What does my family love more than my braised beef cheeks? A lot, it seems

I serve up culinary delights for them, but when I'm not there, a sausage and jacket potato sandwich is what they crave

Living in my house means knowing pleasant joys. I wake up every morning, only thinking about dinner. What should I cook for them all today? What noble dish will I serve my lucky family tonight? Should I head for the hot, numb embrace of Sichuan or the darker flavors of northern Spain? Will the anchovies engage somewhere in the depths of the deep sauce with more force and tenacity than a Porsche 911 Turbo? They often. I have a cupboard full of spices and sauces. I'm rich in ground cumin, dried chilies, and gooey pot of tamarind. I have the incredible kitchen skills, determination, and greed it takes to come up with brilliant meals for every meal. Being part of my family means winning the culinary lottery of life.

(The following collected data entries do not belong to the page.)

text \<open>
  Since \<open>[\<Omega> J + J \<Omega>, \<Omega>] = J \<Omega>\<^sup>2 - \<Omega>\<^sup>2 J\<close>, the point \<open>M\<close> is an equilibrium iff \<open>\<Omega>\<^sup>2\<close>
  commutes with \<open>J\<close>. The matrix \<open>\<Omega>\<^sup>2\<close> is symmetric and negative semidefinite. As \<open>J\<close> has
  simple spectrum, an orthogonal eigenbasis of \<open>J\<close> then also diagonalises \<open>\<Omega>\<^sup>2\<close>, so the
  eigenspaces of \<open>\<Omega>\<^sup>2\<close> are spanned by principal axes. They are preserved by \<open>\<Omega>\<close>,
  which commutes with \<open>\<Omega>\<^sup>2\<close>, and on the eigenspace for \<open>-\<omega>\<^sup>2 < 0\<close> the map \<open>\<Omega>/\<omega>\<close> is
  orthogonal with square \<open>-1\<close>, i.e. a compatible complex structure, which forces even
  dimension. Conversely, such a decomposition makes \<open>\<Omega>\<^sup>2\<close> a scalar on each summand, and
  the summands are \<open>J\<close>-invariant, so \<open>\<Omega>\<^sup>2\<close> commutes with \<open>J\<close>.
\<close>

definition eigenspace :: "real^'n^'n \<Rightarrow> real \<Rightarrow> (real^'n) set" where
  "eigenspace A c = {x. A *v x = c *\<^sub>R x}"

lemma subspace_eigenspace: "subspace (eigenspace A c)"
  unfolding subspace_def eigenspace_def
  by (simp add: matrix_vector_right_distrib matrix_vector_mult_scaleR scaleR_add_right)

lemma span_subset_eigenspace:
  assumes "\<And>b. b \<in> T \<Longrightarrow> A *v b = c *\<^sub>R b"
  shows "span T \<subseteq> eigenspace A c"
  using assms by (intro span_minimal subspace_eigenspace) (auto simp: eigenspace_def)

lemma eigenspace_nontrivial:
  assumes "A *v b = c *\<^sub>R b" and "b \<noteq> 0"
  shows "eigenspace A c \<noteq> {0}"
proof
  assume "eigenspace A c = {0}"
  moreover have "b \<in> eigenspace A c"
    using assms(1) by (simp add: eigenspace_def)
  ultimately show False
    using assms(2) by simp
qed

lemma span_eigenvectors_invariant:
  fixes A :: "real^'n^'n"
  assumes "\<And>b. b \<in> T \<Longrightarrow> \<exists>l. A *v b = l *\<^sub>R b" and "x \<in> span T"
  shows "A *v x \<in> span T"
proof -
  have "(*v) A ` T \<subseteq> span T"
    using assms(1) by (metis image_subsetI span_base span_scale)
  then have "(*v) A ` span T \<subseteq> span T"
    by (metis span_linear_image[OF matrix_vector_mul_linear] span_minimal subspace_span)
  then show ?thesis
    using assms(2) by blast
qed

lemma spanned_by_principal_axes_invariant:
  assumes "spanned_by_principal_axes J P" and "x \<in> P"
  shows "J *v x \<in> P"
  using assms span_eigenvectors_invariant
  unfolding spanned_by_principal_axes_def principal_axis_def by metis

lemma matrix_vector_mult_uminus_right: "A *v (- x) = - (A *v x)"
  for A :: "'a::ring_1^'n^'m"
  by (simp add: matrix_vector_mult_def vec_eq_iff sum_negf)

lemma matrix_vector_mult_uminus_left: "(- A) *v x = - (A *v x)"
  for A :: "'a::ring_1^'n^'m"
  by (simp add: matrix_vector_mult_def vec_eq_iff sum_negf)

Or maybe not. Recently, when I was serving my newest creation – perhaps the long-braised beef cheeks in a spiced tomato sauce from a recipe by José Pizarro, or perhaps the teriyaki chicken – I asked my loved ones what they would have had for dinner the night before. when i go out. It was an ordinary question, with far more unusual intentions. I wonder how much they miss me. My wife, Pat, sat up and grinned. "Sausage sandwich," he said. "That's good." My son joins. Oh yeah, cheap pale white buns, and crap sausages, not the shitty ones with too much real meat in them, and not close enough to the nipples and nostrils. The three of them discussed the excitement of their sausage sandwich party. I blink. Sausage sandwiches? For dinner? Pat shrugged, and looked down at the lavishly lavishly made plate in front of him. "We have to wait for you to come out to be able to do something like that."

I think we have a shared family culture. I think the elaborate meals I serve are an "we" thing, not a "me" thing. Now, suddenly, I find that sometimes, like Jehovah's Witnesses and Mrs Brown's Boys, I am just tolerated; that there were things they wanted to do together that I had to protect. Do I really know them anymore?

Let's be clear. They really appreciate what I cook. A cooing sound is made. Plates cleared. I applaud it lightly, and would never speak about any of it publicly in, say, a national newspaper column. By the same token, I'm not all about roast goose with caviar chasers. I really like the sausage sandwich. There's even a place in my life for cheap sausage sandwiches, made with white bread that you can snap back to a doughy state if you squeeze a crumb between your thumb and forefinger. But not for a bloody dinner. It's a moment to take things seriously. This is an opportunity, a time to support you. Or at least that's what I thought. I've read about high-flying Michelin-starred chefs who, at the end of a long service of throwing perfectly cooked ingredients into place, want nothing more than a Pot Noodle or a bag of chips. But it didn't occur to me that this food fatigue could spill over to a family of committed, well-meaning, stomach-obsessed restaurant critics. One night not long ago, it turned out I was going back for dinner when I thought I was going out. Pat was on duty that night. What did we experience? Jacket potato with grated cheese and baked beans. I've never seen them all look so happy. Is it right. I don't know why I bothered.